Of the entries below, return only those lines from the line with "of_int (a*d' +" to the line with "by (simp add: algebra_simps power2_eq_square)", exactly, both included.

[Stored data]
++++++++++

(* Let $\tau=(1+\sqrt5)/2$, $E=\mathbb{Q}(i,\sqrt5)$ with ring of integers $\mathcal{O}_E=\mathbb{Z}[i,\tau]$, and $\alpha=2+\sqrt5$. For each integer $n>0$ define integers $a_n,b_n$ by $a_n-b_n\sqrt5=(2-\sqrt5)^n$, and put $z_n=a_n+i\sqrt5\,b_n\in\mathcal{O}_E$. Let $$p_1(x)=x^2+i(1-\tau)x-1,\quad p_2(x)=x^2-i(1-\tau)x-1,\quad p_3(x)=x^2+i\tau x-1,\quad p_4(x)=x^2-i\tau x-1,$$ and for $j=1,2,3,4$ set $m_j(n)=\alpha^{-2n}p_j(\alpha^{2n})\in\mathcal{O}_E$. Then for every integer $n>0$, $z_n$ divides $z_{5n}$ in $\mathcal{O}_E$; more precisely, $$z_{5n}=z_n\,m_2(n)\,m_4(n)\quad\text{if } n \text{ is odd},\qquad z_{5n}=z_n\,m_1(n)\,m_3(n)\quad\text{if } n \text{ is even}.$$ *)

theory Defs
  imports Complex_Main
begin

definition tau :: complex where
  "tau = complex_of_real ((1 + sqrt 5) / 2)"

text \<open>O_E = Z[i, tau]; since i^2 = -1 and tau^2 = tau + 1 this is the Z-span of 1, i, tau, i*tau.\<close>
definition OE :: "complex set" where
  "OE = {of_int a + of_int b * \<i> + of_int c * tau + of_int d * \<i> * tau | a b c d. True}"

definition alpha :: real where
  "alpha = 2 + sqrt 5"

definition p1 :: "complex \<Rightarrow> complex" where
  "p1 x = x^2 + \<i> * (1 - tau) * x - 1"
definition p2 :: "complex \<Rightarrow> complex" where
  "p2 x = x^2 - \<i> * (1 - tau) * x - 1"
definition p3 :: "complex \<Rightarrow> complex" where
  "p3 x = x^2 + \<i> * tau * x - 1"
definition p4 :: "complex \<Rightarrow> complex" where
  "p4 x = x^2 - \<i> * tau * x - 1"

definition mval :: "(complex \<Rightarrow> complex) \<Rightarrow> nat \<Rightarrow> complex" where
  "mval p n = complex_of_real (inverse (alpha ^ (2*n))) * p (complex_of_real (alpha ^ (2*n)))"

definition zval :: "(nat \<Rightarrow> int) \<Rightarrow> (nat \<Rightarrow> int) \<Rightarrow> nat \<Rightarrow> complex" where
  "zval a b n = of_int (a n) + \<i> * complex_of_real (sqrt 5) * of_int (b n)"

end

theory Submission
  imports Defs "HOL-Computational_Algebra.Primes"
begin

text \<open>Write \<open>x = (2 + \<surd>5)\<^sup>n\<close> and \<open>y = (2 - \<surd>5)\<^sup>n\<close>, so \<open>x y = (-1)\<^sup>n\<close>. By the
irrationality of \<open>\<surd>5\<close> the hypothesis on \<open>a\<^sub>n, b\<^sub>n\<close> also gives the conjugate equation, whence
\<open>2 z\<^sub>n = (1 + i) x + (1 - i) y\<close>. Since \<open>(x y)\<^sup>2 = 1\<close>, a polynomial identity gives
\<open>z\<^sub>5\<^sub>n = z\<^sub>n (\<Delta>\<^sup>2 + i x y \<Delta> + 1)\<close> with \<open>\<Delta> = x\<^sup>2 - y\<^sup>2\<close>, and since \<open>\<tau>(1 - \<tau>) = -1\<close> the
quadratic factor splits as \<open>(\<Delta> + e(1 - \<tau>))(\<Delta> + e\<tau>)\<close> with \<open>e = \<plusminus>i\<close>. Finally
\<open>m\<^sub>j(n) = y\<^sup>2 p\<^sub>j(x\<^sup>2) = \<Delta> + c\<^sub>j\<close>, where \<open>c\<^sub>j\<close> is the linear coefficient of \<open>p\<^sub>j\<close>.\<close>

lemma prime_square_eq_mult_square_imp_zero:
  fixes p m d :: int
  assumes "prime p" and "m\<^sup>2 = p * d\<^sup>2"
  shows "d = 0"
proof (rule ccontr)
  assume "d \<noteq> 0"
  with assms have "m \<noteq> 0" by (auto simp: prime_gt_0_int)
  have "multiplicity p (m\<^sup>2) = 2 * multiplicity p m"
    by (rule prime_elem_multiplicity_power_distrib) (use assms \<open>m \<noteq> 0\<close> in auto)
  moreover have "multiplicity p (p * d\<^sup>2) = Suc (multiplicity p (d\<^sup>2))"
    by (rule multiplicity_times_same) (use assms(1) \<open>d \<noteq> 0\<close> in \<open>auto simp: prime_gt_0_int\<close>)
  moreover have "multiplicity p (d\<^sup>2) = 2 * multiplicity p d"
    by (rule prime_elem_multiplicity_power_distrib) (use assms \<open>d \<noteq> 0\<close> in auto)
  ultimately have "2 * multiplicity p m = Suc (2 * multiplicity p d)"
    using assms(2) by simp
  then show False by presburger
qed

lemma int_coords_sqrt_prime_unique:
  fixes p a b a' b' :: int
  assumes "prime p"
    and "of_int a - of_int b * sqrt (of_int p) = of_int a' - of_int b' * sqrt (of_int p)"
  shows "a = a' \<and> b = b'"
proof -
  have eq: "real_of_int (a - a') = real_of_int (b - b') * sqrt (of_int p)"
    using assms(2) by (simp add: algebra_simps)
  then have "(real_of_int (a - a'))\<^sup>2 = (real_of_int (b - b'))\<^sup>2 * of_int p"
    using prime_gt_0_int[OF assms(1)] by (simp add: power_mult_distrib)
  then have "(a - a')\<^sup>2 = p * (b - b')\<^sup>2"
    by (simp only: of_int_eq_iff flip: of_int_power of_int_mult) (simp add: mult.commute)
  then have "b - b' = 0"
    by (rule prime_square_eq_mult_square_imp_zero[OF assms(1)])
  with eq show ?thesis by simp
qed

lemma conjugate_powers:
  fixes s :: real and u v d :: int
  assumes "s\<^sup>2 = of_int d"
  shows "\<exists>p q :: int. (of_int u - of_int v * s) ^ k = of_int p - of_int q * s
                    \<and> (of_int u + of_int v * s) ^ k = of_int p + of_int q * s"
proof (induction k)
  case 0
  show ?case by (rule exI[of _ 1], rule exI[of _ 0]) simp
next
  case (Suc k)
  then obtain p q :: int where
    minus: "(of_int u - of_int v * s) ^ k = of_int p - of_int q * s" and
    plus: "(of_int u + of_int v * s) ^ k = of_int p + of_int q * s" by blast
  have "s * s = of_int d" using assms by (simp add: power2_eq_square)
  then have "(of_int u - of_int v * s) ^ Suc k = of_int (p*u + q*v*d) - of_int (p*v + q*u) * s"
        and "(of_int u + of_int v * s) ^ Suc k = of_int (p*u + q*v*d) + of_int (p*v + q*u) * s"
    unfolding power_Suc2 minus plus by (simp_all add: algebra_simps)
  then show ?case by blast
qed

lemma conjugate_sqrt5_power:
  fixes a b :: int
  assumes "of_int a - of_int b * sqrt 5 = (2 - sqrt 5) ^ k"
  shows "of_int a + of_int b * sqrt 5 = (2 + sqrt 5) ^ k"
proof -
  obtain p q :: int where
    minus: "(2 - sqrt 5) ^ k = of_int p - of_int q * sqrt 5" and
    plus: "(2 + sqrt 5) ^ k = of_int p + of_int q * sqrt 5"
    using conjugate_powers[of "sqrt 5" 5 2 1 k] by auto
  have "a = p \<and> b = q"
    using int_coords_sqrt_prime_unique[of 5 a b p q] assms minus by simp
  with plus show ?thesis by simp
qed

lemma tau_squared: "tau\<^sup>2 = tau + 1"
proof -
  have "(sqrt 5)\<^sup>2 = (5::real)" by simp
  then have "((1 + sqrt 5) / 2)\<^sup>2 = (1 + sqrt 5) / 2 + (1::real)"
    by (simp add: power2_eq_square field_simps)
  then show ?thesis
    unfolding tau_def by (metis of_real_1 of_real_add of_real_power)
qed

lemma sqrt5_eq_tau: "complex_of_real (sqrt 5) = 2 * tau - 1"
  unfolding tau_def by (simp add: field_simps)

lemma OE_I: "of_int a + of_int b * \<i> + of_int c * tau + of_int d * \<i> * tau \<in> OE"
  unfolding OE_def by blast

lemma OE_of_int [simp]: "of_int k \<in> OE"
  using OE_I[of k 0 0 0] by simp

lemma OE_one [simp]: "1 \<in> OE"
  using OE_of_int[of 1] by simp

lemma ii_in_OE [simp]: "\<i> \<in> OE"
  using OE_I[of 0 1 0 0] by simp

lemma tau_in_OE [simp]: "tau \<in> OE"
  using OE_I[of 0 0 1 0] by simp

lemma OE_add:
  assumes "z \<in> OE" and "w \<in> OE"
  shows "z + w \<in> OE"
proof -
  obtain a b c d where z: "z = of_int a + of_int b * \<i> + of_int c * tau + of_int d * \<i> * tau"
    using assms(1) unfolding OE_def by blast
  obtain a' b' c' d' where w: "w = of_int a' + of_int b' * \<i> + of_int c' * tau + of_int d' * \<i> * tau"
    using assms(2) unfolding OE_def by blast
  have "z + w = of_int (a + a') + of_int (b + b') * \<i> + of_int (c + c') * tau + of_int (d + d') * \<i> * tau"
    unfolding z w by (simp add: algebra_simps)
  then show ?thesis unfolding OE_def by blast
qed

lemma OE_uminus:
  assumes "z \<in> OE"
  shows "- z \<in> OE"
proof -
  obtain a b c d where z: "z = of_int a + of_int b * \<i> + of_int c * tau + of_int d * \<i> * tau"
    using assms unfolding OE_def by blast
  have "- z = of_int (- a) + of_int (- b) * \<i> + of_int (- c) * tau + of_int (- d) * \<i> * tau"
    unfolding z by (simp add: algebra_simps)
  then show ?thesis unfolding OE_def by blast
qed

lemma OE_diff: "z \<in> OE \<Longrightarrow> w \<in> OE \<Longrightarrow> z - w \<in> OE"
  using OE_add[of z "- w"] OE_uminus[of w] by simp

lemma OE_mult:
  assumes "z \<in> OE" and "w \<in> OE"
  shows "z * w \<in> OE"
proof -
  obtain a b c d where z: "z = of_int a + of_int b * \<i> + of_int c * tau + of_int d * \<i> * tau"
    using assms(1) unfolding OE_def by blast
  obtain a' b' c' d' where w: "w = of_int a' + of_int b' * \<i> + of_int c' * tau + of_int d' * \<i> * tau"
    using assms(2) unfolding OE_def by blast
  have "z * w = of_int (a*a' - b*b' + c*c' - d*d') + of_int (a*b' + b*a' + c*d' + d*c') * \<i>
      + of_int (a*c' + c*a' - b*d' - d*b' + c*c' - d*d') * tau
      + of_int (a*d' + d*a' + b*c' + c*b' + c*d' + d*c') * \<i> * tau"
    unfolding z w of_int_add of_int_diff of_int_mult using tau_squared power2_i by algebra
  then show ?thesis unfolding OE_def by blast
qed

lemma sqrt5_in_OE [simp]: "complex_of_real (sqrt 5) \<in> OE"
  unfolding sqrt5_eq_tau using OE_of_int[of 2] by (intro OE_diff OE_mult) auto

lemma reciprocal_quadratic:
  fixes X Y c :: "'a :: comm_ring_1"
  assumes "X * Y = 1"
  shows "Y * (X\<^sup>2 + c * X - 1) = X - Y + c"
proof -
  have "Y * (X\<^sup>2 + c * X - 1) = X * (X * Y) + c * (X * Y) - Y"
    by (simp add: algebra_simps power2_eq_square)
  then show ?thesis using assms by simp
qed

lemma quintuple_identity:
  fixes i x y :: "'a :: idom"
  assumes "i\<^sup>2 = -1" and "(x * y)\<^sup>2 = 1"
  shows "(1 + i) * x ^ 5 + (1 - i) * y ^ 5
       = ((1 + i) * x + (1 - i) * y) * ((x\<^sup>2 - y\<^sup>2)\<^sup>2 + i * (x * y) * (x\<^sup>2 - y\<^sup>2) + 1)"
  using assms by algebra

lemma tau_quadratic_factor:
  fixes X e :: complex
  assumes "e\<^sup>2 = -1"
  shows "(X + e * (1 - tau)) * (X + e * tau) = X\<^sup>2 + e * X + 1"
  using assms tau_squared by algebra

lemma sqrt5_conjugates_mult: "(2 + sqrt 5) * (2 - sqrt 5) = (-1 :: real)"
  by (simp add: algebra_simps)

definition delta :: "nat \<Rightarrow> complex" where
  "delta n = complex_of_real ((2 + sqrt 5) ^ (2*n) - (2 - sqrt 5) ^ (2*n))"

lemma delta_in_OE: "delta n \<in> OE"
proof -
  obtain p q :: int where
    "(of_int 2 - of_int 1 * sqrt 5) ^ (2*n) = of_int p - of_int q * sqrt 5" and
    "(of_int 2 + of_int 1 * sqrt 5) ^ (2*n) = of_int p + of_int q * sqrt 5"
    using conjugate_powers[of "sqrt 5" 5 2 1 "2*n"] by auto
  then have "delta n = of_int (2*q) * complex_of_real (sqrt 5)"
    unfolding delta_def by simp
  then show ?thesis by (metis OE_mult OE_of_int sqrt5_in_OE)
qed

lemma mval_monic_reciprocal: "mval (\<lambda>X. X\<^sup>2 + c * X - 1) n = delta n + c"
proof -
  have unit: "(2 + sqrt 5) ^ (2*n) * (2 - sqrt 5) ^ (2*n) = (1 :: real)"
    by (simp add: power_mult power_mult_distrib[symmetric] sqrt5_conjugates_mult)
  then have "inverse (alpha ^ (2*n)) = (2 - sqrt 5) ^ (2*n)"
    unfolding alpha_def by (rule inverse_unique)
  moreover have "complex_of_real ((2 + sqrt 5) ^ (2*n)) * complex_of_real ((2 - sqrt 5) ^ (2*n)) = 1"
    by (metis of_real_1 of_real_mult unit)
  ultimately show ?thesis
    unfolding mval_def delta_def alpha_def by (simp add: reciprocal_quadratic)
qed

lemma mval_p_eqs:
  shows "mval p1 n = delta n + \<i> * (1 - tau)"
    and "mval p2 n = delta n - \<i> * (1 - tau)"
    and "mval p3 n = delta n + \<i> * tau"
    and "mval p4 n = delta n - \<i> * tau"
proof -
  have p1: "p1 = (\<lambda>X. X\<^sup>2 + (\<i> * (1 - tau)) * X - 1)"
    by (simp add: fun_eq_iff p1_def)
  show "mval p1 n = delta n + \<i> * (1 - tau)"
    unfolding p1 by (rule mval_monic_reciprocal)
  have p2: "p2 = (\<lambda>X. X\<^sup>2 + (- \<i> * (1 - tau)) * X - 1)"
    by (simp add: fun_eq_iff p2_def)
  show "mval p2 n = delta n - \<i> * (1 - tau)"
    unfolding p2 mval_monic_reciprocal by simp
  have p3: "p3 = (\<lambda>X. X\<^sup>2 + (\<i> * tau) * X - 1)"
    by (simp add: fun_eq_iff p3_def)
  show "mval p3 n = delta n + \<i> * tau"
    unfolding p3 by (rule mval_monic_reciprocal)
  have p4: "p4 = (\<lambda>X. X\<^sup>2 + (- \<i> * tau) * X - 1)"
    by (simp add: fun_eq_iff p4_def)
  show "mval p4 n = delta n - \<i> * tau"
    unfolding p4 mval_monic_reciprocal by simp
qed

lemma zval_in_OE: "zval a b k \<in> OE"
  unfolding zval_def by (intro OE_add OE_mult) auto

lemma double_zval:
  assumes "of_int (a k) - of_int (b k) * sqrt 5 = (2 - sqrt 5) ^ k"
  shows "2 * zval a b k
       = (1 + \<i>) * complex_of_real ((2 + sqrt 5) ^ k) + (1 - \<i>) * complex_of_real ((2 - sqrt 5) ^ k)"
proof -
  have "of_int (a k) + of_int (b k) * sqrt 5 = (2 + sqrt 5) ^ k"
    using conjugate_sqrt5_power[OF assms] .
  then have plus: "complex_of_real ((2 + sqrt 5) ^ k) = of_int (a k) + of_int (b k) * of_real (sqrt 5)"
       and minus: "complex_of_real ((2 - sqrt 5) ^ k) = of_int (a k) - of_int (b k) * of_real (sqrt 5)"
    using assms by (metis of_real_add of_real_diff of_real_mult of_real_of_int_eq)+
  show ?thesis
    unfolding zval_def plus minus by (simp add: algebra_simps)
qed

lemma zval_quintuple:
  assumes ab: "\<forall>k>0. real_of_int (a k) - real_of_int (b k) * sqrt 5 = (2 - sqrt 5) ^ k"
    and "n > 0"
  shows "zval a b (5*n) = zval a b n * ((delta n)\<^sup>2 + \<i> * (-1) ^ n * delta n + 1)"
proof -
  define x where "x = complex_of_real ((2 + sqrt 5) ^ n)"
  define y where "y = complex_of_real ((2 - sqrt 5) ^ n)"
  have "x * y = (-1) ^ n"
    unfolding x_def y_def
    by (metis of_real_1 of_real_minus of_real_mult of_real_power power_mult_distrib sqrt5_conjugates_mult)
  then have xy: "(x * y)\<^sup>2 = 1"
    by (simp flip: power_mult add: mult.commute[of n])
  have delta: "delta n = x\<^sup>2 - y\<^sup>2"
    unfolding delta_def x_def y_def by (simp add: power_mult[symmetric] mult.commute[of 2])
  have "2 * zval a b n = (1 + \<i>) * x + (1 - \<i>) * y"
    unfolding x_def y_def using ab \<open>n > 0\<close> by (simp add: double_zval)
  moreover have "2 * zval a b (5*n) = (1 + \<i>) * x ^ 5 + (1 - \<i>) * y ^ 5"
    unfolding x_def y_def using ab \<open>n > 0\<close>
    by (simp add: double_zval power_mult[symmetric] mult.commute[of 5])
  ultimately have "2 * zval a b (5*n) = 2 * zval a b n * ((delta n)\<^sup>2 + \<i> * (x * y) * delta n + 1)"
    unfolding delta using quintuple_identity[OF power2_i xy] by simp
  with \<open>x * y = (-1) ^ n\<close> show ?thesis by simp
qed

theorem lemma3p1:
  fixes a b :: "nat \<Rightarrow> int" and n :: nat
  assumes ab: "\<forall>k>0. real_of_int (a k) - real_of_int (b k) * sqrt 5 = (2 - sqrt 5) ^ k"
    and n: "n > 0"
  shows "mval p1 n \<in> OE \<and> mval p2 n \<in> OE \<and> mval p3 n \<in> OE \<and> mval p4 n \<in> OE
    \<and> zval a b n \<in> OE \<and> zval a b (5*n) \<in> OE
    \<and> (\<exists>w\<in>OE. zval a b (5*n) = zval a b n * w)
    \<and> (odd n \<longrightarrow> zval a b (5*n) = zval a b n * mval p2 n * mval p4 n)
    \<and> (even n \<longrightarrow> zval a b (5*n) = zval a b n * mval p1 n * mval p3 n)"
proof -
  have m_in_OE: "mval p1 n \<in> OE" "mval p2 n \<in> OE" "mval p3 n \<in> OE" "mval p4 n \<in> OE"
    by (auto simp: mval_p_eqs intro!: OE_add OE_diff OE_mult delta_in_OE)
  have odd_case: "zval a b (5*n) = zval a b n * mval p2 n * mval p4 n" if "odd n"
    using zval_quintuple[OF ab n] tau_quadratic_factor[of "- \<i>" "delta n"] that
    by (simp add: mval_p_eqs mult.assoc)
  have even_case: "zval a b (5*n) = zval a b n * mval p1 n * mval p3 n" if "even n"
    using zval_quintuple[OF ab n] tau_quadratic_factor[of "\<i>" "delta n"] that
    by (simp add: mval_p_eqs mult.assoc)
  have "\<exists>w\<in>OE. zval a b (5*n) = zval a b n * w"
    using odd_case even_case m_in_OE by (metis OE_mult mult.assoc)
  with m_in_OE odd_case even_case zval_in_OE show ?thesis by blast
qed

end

++++++++++

** RESPONSE **
      + of_int (a*d' + d*a' + b*c' + c*b' + c*d' + d*c') * \<i> * tau"
    unfolding z w of_int_add of_int_diff of_int_mult using tau_squared power2_i by algebra
  then show ?thesis unfolding OE_def by blast
qed

lemma sqrt5_in_OE [simp]: "complex_of_real (sqrt 5) \<in> OE"
  unfolding sqrt5_eq_tau using OE_of_int[of 2] by (intro OE_diff OE_mult) auto

lemma reciprocal_quadratic:
  fixes X Y c :: "'a :: comm_ring_1"
  assumes "X * Y = 1"
  shows "Y * (X\<^sup>2 + c * X - 1) = X - Y + c"
proof -
  have "Y * (X\<^sup>2 + c * X - 1) = X * (X * Y) + c * (X * Y) - Y"
    by (simp add: algebra_simps power2_eq_square)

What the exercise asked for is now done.